The open-table part comes in with the easy entrance and exit of PCs; if you have a new player (or if somebody dies), they get a new character.  If somebody decides not to show up one day, no big deal; larger shares of loot for everyone else (if they survive).  If somebody decides never to come back, it's bad, but the campaign goes on.  This allows new players to 'dip their toes in', so to speak, without committing to spending n hours a week on the game.  This style of play also saves me prep time; prep consists of rolling up a random objective, assembling some opposition from one or more monster manuals, and embellishing as I go.  This style of play has another advantage, in that it parallelizes well; if I need a week's break and I know another decent DM (and I dare say that I do), I might be able to hand a week's session off without giving away any big secrets or burdening them with a huge amount of work.  Heck, I could even alternate weeks of DMing (or, better yet, roll each week for who's DMing), and play in the campaign on my off-weeks.  There are two obvious disadvantages here, though: the first is the inverse of FoB's boon, namely that the PCs are terribly disconnected from the world.  They're itinerant sellswords doing dirty work for gold, not holding castles and leaving grand marks on the world.  The second disadvantage is of down-time; with no standardized (and probably not even any specified) amount of time between episodes, item creation and spell research suddenly become hugely ambiguous.  I'm considering turning item creation feats into 'per-episode' resources; for example, Brew Potion might, at the beginning of each episode that you show up for, let you roll up 2d4 random potions that you brewed since last episode.  You get 'em at no cost, but they spoil at the end of the episode.  Scrolls could work similarly, but wands would be much trickier; perhaps a variant of Crafting Points as a per-episode resource would work.

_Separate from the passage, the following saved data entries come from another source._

(* Let $n\ge1$, $1\le q,q_1,q_2\le\infty$ and $s,s_1,s_2\in\mathbb{R}$. If $L(q_1,s_1)\ast L(q_2,s_2)\subset L(q,s)$, then $1+\frac1q\ge\frac1{q_1}+\frac1{q_2}$.
   Context: $\langle x\rangle=(1+|x|^2)^{1/2}$. For $1\le p\le\infty$, $s\in\mathbb{R}$, $L(p,s)$ is the space of measurable $f$ on $\mathbb{R}^n$ with $\|f\|_{L(p,s)}=\big(\int|f(x)|^p\langle x\rangle^{ps}dx\big)^{1/p}<\infty$ (ess sup of $|f(x)|\langle x\rangle^s$ if $p=\infty$). Convolution $(f\ast g)(x)=\int f(x-y)g(y)dy$. "$X\ast Y\subset Z$" means there is $C$ with $f\ast g\in Z$ and $\|f\ast g\|_Z\le C\|f\|_X\|g\|_Y$ for all $f\in X$, $g\in Y$. Convention $1/\infty=0$. *)

theory Defs
  imports "HOL-Analysis.Analysis" "HOL-Probability.Essential_Supremum"
begin

definition jbr :: "'a::euclidean_space \<Rightarrow> real" where
  "jbr x = sqrt (1 + (norm x)\<^sup>2)"

text \<open>Exponents p in [1,\<infinity>] are represented as ennreal values, with \<infinity> = top.
  The weighted L^p functional (p < \<infinity>: the p-th power integral; p = \<infinity>: ess sup).\<close>
definition wint :: "ennreal \<Rightarrow> real \<Rightarrow> ('a::euclidean_space \<Rightarrow> real) \<Rightarrow> ennreal" where
  "wint p s f = (\<integral>\<^sup>+ x. ennreal (\<bar>f x\<bar> powr enn2real p * jbr x powr (enn2real p * s)) \<partial>lebesgue)"
lemma unitary_upper_relations:
  assumes "cmat p l \<alpha> \<beta> (0, 0) \<gamma> \<in> Bor d p l True"
  shows "econg p l (emul d (econj \<gamma>) \<alpha>) (1, 0)" "econg p l (emul d (econj \<alpha>) \<gamma>) (1, 0)"
    "econg p l (emul d (econj \<gamma>) \<beta> + emul d (econj \<beta>) \<gamma>) (0, 0)"
proof -
  have "mmul d p l (mstar d p l (cmat p l \<alpha> \<beta> (0, 0) \<gamma>)) (cmat p l \<alpha> \<beta> (0, 0) \<gamma>) = mone p l"
    using assms by (simp add: Bor_def Gl_def)
  then show "econg p l (emul d (econj \<gamma>) \<alpha>) (1, 0)" "econg p l (emul d (econj \<alpha>) \<gamma>) (1, 0)"
    "econg p l (emul d (econj \<gamma>) \<beta> + emul d (econj \<beta>) \<gamma>) (0, 0)"
    by (simp_all add: mone_cmat cmat_eq_iff)
qed

lemma Bor_closed_under_conj:
  assumes x: "x \<in> Bor d p l u" and k: "k \<in> Bor d p l u" and k': "k' \<in> mats (bigO p l)"
    and comm: "mmul d p l x k = mmul d p l k' x"
  shows "k' \<in> Bor d p l u"
proof -
  interpret B: group "Bgrp d p l u" by (rule group_Bgrp)
  let ?xi = "inv\<^bsub>Bgrp d p l u\<^esub> x"
  have xi: "?xi \<in> Bor d p l u" "mmul d p l x ?xi = mone p l"
    using B.inv_closed[of x] B.r_inv[of x] x by simp_all
  have bigO: "x \<in> mats (bigO p l)" "?xi \<in> mats (bigO p l)"
    using x xi(1) by (simp_all add: Bor_mats_bigO)
  have "k' = mmul d p l (mmul d p l k' x) ?xi"
    using xi(2) bigO k' by (simp add: mmul_assoc)
  also have "\<dots> = mmul d p l (mmul d p l x k) ?xi"
    by (simp add: comm)
  finally show ?thesis
    using B.m_closed[of "mmul d p l x k" ?xi] B.m_closed[of x k] x k xi(1) by simp
qed

definition tau :: "'a::comm_ring_1 \<Rightarrow> 'a \<Rightarrow> bool \<Rightarrow> nat \<Rightarrow> 'a ext"
  where "tau d p u i = emul d (epsi u) (p ^ i, 0)"

lemma tau_simps [simp]: "tau d p False i = (p ^ i, 0)" "tau d p True i = (0, p ^ i)"
  by (simp_all add: tau_def epsi_def emul_def)

lemma in_R_tau [simp]: "in_R u (tau d p u i)"
  by (cases u) simp_all

lemma tau_solvable:
  assumes "d * d' = 1"
  shows "\<exists>B. in_R u B \<and> (u \<longrightarrow> econj B = - B) \<and> emul d (tau d p u i) B = (p ^ i * s, 0)"
proof (cases u)
  case True
  have "d * (p ^ i * (d' * s)) = (d * d') * (p ^ i * s)"
    by (simp only: ac_simps)
  then have "emul d (tau d p u i) (0, d' * s) = (p ^ i * s, 0)"
    using True assms by (simp add: emul_def)
  then show ?thesis
    using True by (intro exI[of _ "(0, d' * s)"]) (simp add: econj_def)
qed (intro exI[of _ "(s, 0)"], simp add: emul_def)

lemma tau_annihilates:
  assumes "1 \<le> i" "1 \<le> l"
  shows "econg p l (emul d (tau d p u i) (p ^ (l - 1) * a, 0)) (0, 0)"
proof -
  have "p ^ l dvd p ^ i * (p ^ (l - 1) * a)"
    using assms by (simp add: mult.assoc[symmetric] power_add[symmetric] le_imp_power_dvd)
  then show ?thesis by (cases u) (simp_all add: econg_def emul_def)
qed

lemma gmat_cmat: "gmat d p l u i = cmat p l (1, 0) (0, 0) (tau d p u i) (1, 0)"
  by (simp add: gmat_def cmat_def qone_def qzero_def tau_def)

lemma lower_unipotent_Gl:
  assumes "in_R u t" and "u \<Longrightarrow> econj t = - t"
  shows "cmat p l (1, 0) (0, 0) t (1, 0) \<in> Gl d p l u"
proof -
  let ?g = "cmat p l (1, 0) (0, 0) t (1, 0)" and ?g' = "cmat p l (1, 0) (0, 0) (- t) (1, 0)"
  have "?g \<in> mats (Rl p l u)" "?g' \<in> mats (Rl p l u)"
    using assms(1) by (simp_all add: cmat_in_mats_Rl)
  moreover have "mmul d p l ?g ?g' = mone p l" "mmul d p l ?g' ?g = mone p l"
    by (simp_all add: mone_cmat zero_prod_def)
  moreover have "mmul d p l (mstar d p l ?g) ?g = mone p l" if u
    using assms(2)[OF that] by (simp add: mone_cmat zero_prod_def)
  ultimately show ?thesis unfolding Gl_def by blast
qed

lemma gmat_Gl: "gmat d p l u i \<in> Gl d p l u"
  unfolding gmat_cmat by (rule lower_unipotent_Gl) (simp_all add: econj_def)

lemma inv_gmat: "inv\<^bsub>Ggrp d p l u\<^esub> (gmat d p l u i) = cmat p l (1, 0) (0, 0) (- tau d p u i) (1, 0)"
proof (rule group.inv_equality[OF group_Ggrp])
  show "cmat p l (1, 0) (0, 0) (- tau d p u i) (1, 0) \<in> carrier (Ggrp d p l u)"
    by (cases u) (auto intro!: lower_unipotent_Gl simp: econj_def)
  show "gmat d p l u i \<in> carrier (Ggrp d p l u)" by (simp add: gmat_Gl)
qed (simp add: gmat_cmat mone_cmat zero_prod_def)

lemma inv_gmat_Gl: "inv\<^bsub>Ggrp d p l u\<^esub> (gmat d p l u i) \<in> Gl d p l u"
  unfolding inv_gmat by (cases u) (auto intro!: lower_unipotent_Gl simp: econj_def)

lemma Bsub_eq_conj:
  "Bsub d p l u i = Bor d p l u \<inter> (gmat d p l u i <#\<^bsub>Ggrp d p l u\<^esub> Bor d p l u #>\<^bsub>Ggrp d p l u\<^esub> inv\<^bsub>Ggrp d p l u\<^esub> gmat d p l u i)"
proof -
  interpret G: group "Ggrp d p l u" by (rule group_Ggrp)
  have "mmul d p l (gmat d p l u i) (mmul d p l y (inv\<^bsub>Ggrp d p l u\<^esub> gmat d p l u i)) =
      mmul d p l (mmul d p l (gmat d p l u i) y) (inv\<^bsub>Ggrp d p l u\<^esub> gmat d p l u i)"
    if "y \<in> Bor d p l u" for y
  proof -
    have g: "gmat d p l u i \<in> carrier (Ggrp d p l u)" and y: "y \<in> carrier (Ggrp d p l u)"
      using that by (simp_all add: gmat_Gl Bor_def)
    show ?thesis using G.m_assoc[OF g y G.inv_closed[OF g]] by simp
  qed
  then show ?thesis
    unfolding Bsub_def minv_eq_inv[OF gmat_Gl] l_coset_def r_coset_def by auto
qed

lemma subgroup_Bsub: "subgroup (Bsub d p l u i) (Bgrp d p l u)"
proof -
  interpret G: group "Ggrp d p l u" by (rule group_Ggrp)
  have g: "gmat d p l u i \<in> carrier (Ggrp d p l u)" by (simp add: gmat_Gl)
  have "subgroup (Bsub d p l u i) (Ggrp d p l u)"
    unfolding Bsub_eq_conj
    by (intro G.subgroups_Inter_pair subgroup_Bor G.subgroup_conjugation_is_surj2[OF g])
  then show ?thesis
    unfolding Bgrp_def by (rule G.subgroup_incl[OF _ subgroup_Bor]) (auto simp: Bsub_def)
qed

lemma conj_lower_unipotent:
  "mmul d p l (cmat p l (1, 0) (0, 0) (- t) (1, 0)) (mmul d p l (cmat p l a b c e) (cmat p l (1, 0) (0, 0) t (1, 0))) =
     cmat p l (a + emul d b t) b (c + emul d e t - emul d t (a + emul d b t)) (e - emul d t b)"
  by (simp add: emul_def plus_prod_def minus_prod_def uminus_prod_def algebra_simps)

lemma Bsub_iff_conj_Bor:
  "x \<in> Bsub d p l u i \<longleftrightarrow> x \<in> Bor d p l u \<and>
     mmul d p l (inv\<^bsub>Ggrp d p l u\<^esub> gmat d p l u i) (mmul d p l x (gmat d p l u i)) \<in> Bor d p l u"
proof -
  interpret G: group "Ggrp d p l u" by (rule group_Ggrp)
  have g: "gmat d p l u i \<in> carrier (Ggrp d p l u)" by (simp add: gmat_Gl)
  show ?thesis
    unfolding Bsub_eq_conj using G.mem_conj_coset_iff[OF subgroup.subset[OF subgroup_Bor] g, of x]
    by (auto simp: Bor_def)
qed

lemma Bsub_cmat_iff:
  assumes x: "cmat p l a b (0, 0) e \<in> Bor d p l u"
  shows "cmat p l a b (0, 0) e \<in> Bsub d p l u i \<longleftrightarrow>
           econg p l (emul d (tau d p u i) (a - e + emul d (tau d p u i) b)) (0, 0)"
proof -
  let ?t = "tau d p u i" and ?x = "cmat p l a b (0, 0) e"
  let ?y = "mmul d p l (inv\<^bsub>Ggrp d p l u\<^esub> gmat d p l u i) (mmul d p l ?x (gmat d p l u i))"
  have "?y \<in> Gl d p l u"
    using x by (simp add: Bor_def Gl_mmul gmat_Gl inv_gmat_Gl)
  moreover have "?y = cmat p l (a + emul d b ?t) b ((0, 0) + emul d e ?t - emul d ?t (a + emul d b ?t)) (e - emul d ?t b)"
    unfolding inv_gmat unfolding gmat_cmat by (rule conj_lower_unipotent)
  moreover have "(0, 0) + emul d e ?t - emul d ?t (a + emul d b ?t) = - emul d ?t (a - e + emul d ?t b)"
    by (simp add: emul_def algebra_simps)
  ultimately show ?thesis
    using x by (simp add: Bsub_iff_conj_Bor Bor_cmat_iff econg_def)
qed

section \<open>The character of \<open>B\<^sup>i\<close> to be induced\<close>

lemma pchar_cmat: "pchar \<chi> \<chi>' (cmat p l a b c e) = \<chi> (ecls p l a) * \<chi>' (ecls p l e)"
  by (simp add: pchar_def cmat_def)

The third and final option that I've been tossing around for a year and a half now is to run a derivative of Ben Robbins' Western Marches campaign.  This, however, would be a ton of work for me, and I like the Wilderlands as a setting well enough to run that instead.  Then there's the other crazy option, which is to run Fields of Blood in the Wilderlands, but then I lose the flavor that I want in FoB and have to put up with the craziness of the Wilderlands.